И всё-таки все начиналось гораздо раньше любви. Мечтательные провинциальные особы, тайком от матерей читающие французские романы, ломают свою судьбу, ещё не начиная её. Стендаль, например, "Красное и черное", за неделю проглоченный в 14 лет после уроков, перед занятиями музыкой и вечерним показом матери школьных оценок. Окровавленная голова на коленях предавшей возлюбленной, мечты о наполеоновской славе, и это странное слово "прелюбодеяние", так ужаснувшее героиню-католичку. Раньше любви - придуманные переживания и затаенное ожидание того встречного, что где-то ходит по свету и ищет именно её - с такими вот длинными волнистыми волосами, злым серым взглядом и наследственной упертостью. И еще все началось именно с прелюбодеяния. Можно ли так назвать измену при неоформленных официально отношениях, без тени мысли об алтаре и венчании и всего с двумя ночами, проведенными вместе во время случайной командировки в далекий районный городок? Жить вдвоем было все равно негде, да и без совместного крова они, запредельно юные и беспечные, успевали вдоволь поваляться в постели днем и помучить друг друга выяснением отношений вечером, когда родители возвращались с работы. Тем не менее, помнишь, мы были друг для друга "благоверными", называя так себя перед друзьями. И потому та внезапная измена была именно свидетельством неблаговерности, ударом и шоком. Ведь она все уши прожужжала разлучнику о том, какой у неё замечательный "муж", пока он не сказал, увещевая:"Ты идеализируешь его.

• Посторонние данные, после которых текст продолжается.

(* Let $G$ be a finite directed graph and $R\subseteq V(G)$. Then $\mathrm{DT}_R(G)$ is shellable.
   Context: A directed forest in $G$ is a set of edges of $G$ which, viewed as a graph on $V(G)$, is acyclic and has at most one edge directed to each vertex; its roots are the vertices of $V(G)$ with no edge of the forest directed to them. $\mathrm{DT}(G)$ is the simplicial complex with vertex set $E(G)$ whose simplices are the directed forests. $\mathrm{DT}_R(G)\subseteq \mathrm{DT}(G)$ is the subcomplex generated by the faces of $\mathrm{DT}(G)$ that are edge sets of directed forests with root set exactly $R$. A simplicial complex $\Delta$ is shellable if its maximal faces can be ordered $F_1,\dots,F_n$ such that for all $1\le i<k\le n$ there exist $1\le j<k$ and $e\in F_k$ with $F_i\cap F_k\subseteq F_j\cap F_k=F_k\setminus\{e\}$. *)

theory Defs
  imports Main
begin

text \<open>An undirected cycle in an edge set F (edges viewed as undirected,
parallel/antiparallel edges and loops allowed): distinct edges e_0..e_{k-1},
k \<ge> 1, joining a closed walk v_0 .. v_k = v_0 with v_0..v_{k-1} distinct.\<close>
definition has_undirected_cycle :: "('v \<times> 'v) set \<Rightarrow> bool" where
  "has_undirected_cycle F \<longleftrightarrow>
     (\<exists>es vs. length es \<ge> 1 \<and> length vs = length es + 1 \<and> distinct es \<and>
        set es \<subseteq> F \<and> hd vs = last vs \<and> distinct (tl vs) \<and>
        (\<forall>i < length es. es ! i = (vs ! i, vs ! Suc i) \<or> es ! i = (vs ! Suc i, vs ! i)))"

definition directed_forest :: "'v set \<Rightarrow> ('v \<times> 'v) set \<Rightarrow> ('v \<times> 'v) set \<Rightarrow> bool" where
  "directed_forest V E F \<longleftrightarrow> F \<subseteq> E \<and> \<not> has_undirected_cycle F \<and>
     (\<forall>v \<in> V. card {u. (u, v) \<in> F} \<le> 1)"

definition forest_roots :: "'v set \<Rightarrow> ('v \<times> 'v) set \<Rightarrow> 'v set" where
  "forest_roots V F = {v \<in> V. \<forall>u. (u, v) \<notin> F}"

definition DT_R :: "'v set \<Rightarrow> ('v \<times> 'v) set \<Rightarrow> 'v set \<Rightarrow> ('v \<times> 'v) set set" where
  "DT_R V E R = {S. \<exists>F. directed_forest V E F \<and> forest_roots V F = R \<and> S \<subseteq> F}"

definition facets :: "'a set set \<Rightarrow> 'a set set" where
  "facets \<Delta> = {F \<in> \<Delta>. \<forall>G \<in> \<Delta>. F \<subseteq> G \<longrightarrow> G = F}"

definition shellable :: "'a set set \<Rightarrow> bool" where
  "shellable \<Delta> \<longleftrightarrow> (\<exists>Fs. distinct Fs \<and> set Fs = facets \<Delta> \<and>
     (\<forall>i k. i < k \<and> k < length Fs \<longrightarrow>
        (\<exists>j < k. \<exists>e \<in> Fs ! k. Fs ! i \<inter> Fs ! k \<subseteq> Fs ! j \<inter> Fs ! k \<and>
                              Fs ! j \<inter> Fs ! k = Fs ! k - {e})))"

end

theory Submission
  imports Defs "HOL-Library.Multiset_Order" "HOL-Library.Product_Lexorder"
begin

text \<open>The facets of \<open>DT\<^sub>R(G)\<close> are the forests in which every vertex outside \<open>R\<close> has exactly one
parent and following parents always leads into \<open>R\<close>. Order them by the sum of the depths of all
vertices, breaking ties colexicographically with respect to an enumeration of the edges. If \<open>F'\<close>
comes before \<open>F\<close>, there is a vertex \<open>x\<close> whose parent \<open>w\<close> in \<open>F'\<close> is strictly shallower in \<open>F\<close> than
\<open>x\<close> and differs from its parent in \<open>F\<close>: either some vertex is shallower in \<open>F'\<close> than in \<open>F\<close>, and
\<open>x\<close> is such a vertex of least \<open>F'\<close>-depth, or all depths agree and \<open>x\<close> is the head of the
colexicographically largest edge of \<open>F - F'\<close>. Replacing the parent edge of \<open>x\<close> in \<open>F\<close> by \<open>(w, x)\<close>
creates no cycle because \<open>w\<close> is shallower than \<open>x\<close>; the resulting facet comes before \<open>F\<close>,
contains \<open>F' \<inter> F\<close>, and misses exactly one edge of \<open>F\<close>, which is a shelling step.\<close>

section \<open>Shellings from ranked exchanges\<close>

lemma shellable_if_ranked_exchange:
  fixes rank :: "'a set \<Rightarrow> 'b::linorder"
  assumes fin: "finite (facets \<Delta>)" and inj: "inj_on rank (facets \<Delta>)"
    and exchange: "\<And>F F'. F \<in> facets \<Delta> \<Longrightarrow> F' \<in> facets \<Delta> \<Longrightarrow> rank F' < rank F \<Longrightarrow>
       \<exists>G \<in> facets \<Delta>. rank G < rank F \<and> (\<exists>e \<in> F. F' \<inter> F \<subseteq> G \<inter> F \<and> G \<inter> F = F - {e})"
  shows "shellable \<Delta>"
proof -
  interpret folding_insort_key "(\<le>)" "(<)" "facets \<Delta>" rank
    using inj by unfold_locales
  obtain Fs where set_Fs: "set Fs = facets \<Delta>"
    and "sorted (map rank Fs)" "distinct (map rank Fs)"
    using set_sorted_key_list_of_set[OF subset_refl fin] sorted_sorted_key_list_of_set[OF subset_refl]
      distinct_sorted_key_list_of_set[OF subset_refl] by blast
  then have rank_less_iff: "rank (Fs ! i) < rank (Fs ! k) \<longleftrightarrow> i < k"
    if "i < length Fs" "k < length Fs" for i k
    using that by (metis length_map nth_map sorted_wrt_nth_less strict_sorted_iff linorder_neqE_nat
        less_asym)
  show ?thesis
    unfolding shellable_def
  proof (rule exI[of _ Fs], intro conjI allI impI)
    show "distinct Fs" "set Fs = facets \<Delta>"
      using \<open>distinct (map rank Fs)\<close> set_Fs by (simp_all add: distinct_map)
    fix i k assume ik: "i < k \<and> k < length Fs"
    then have "Fs ! i \<in> facets \<Delta>" "Fs ! k \<in> facets \<Delta>" "rank (Fs ! i) < rank (Fs ! k)"
      using set_Fs rank_less_iff by auto
    then obtain G e where G: "G \<in> facets \<Delta>" "rank G < rank (Fs ! k)" "e \<in> Fs ! k"
      "Fs ! i \<inter> Fs ! k \<subseteq> G \<inter> Fs ! k" "G \<inter> Fs ! k = Fs ! k - {e}"
      using exchange by blast
    then obtain j where "j < length Fs" "Fs ! j = G"
      using set_Fs by (metis in_set_conv_nth)
    with G ik rank_less_iff show "\<exists>j<k. \<exists>e\<in>Fs ! k. Fs ! i \<inter> Fs ! k \<subseteq> Fs ! j \<inter> Fs ! k \<and>
        Fs ! j \<inter> Fs ! k = Fs ! k - {e}"
      by blast
  qed
qed

lemma facets_downward_closure:
  assumes "\<And>F F'. F \<in> \<F> \<Longrightarrow> F' \<in> \<F> \<Longrightarrow> F \<subseteq> F' \<Longrightarrow> F = F'"
  shows "facets {S. \<exists>F \<in> \<F>. S \<subseteq> F} = \<F>"
proof
  show "facets {S. \<exists>F \<in> \<F>. S \<subseteq> F} \<subseteq> \<F>"
    unfolding facets_def by blast
  show "\<F> \<subseteq> facets {S. \<exists>F \<in> \<F>. S \<subseteq> F}"
    unfolding facets_def using assms by (blast intro: subset_antisym)
qed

Ты влюблена в него, как девчонка."
       А она и была девчонкой, хотя с восьми лет ощущала себя совершенно взрослым человеком, подобно всем родившимся в суровости середины зимы. 19 лет для любви – пелёночный возраст.
… Город с названием гулким, как катящиеся во тьме горной реки валуны - Екатеринбург. Нет, тогда еще - щебечущий, обманчиво-легкий Свердловск, сохранивший в тайной памяти все ужасы Урала с убийством царя с
семьей, на место которого её водят тайком – прикоснуться к жути прошлого. Город с каменистыми тропинками в парках, тщедушными деревцами и старыми трамваями|, с облупленными особняками екатерининских времен и темными бревенчатыми строениями еще старее, покрытыми искусной кружевной резьбой. Город-декадент в рабочих сапогах, серый и коварный, планово и уродливо застроенный в сталинскую эпоху - "горенка в стиле "вампир", как язвит её новый очаровательный знакомый, сокурсник по университету, будущий разлучник. Возле дома, где они с подругой временно живут - жиденький парк и глупый чугунный Павлик Морозов на постаменте. В сердце города - река с пульсирующим потоком, перегороженным бетонным мостом - все называют это место "Плотинка", все декаденты из подвалов и трущоб наслаждаются здесь общением и свободой. В городе осень, пронзительное золото деревьев слепит и очаровывает каждое утро, когда они бегут на лекции - наверное, никогда в жизни деревья не сияли больше таким прощальным светом.
       Говорят, разлуки учат любить по-настоящему. По крайней мере, так пело радио в вагоне во время длинной дороги к неведомому Уралу. Её любовь имела солидный стаж - почти год, и, казалось, в проверках не нуждалась. Она прекрасно понимала, что лучше, ласковее, красивее любимого нет юноши на свете. И скучать по нему начала в первый же вечер, и даже писать, не отправляя, письма, с тем чтобы по возвращении преподнести ему как свидетельство верности сердца. Разлуки по-настоящему учат только тоске и боли, но тогда эта боль казалась досадной помехой в общем приподнято-радостном настроении, в ожидании чего-то чудесного, обещанного червонным листопадом по утрам, шепотом "плотинки" и каменными мостовыми, иссеченными рельсами трамваев.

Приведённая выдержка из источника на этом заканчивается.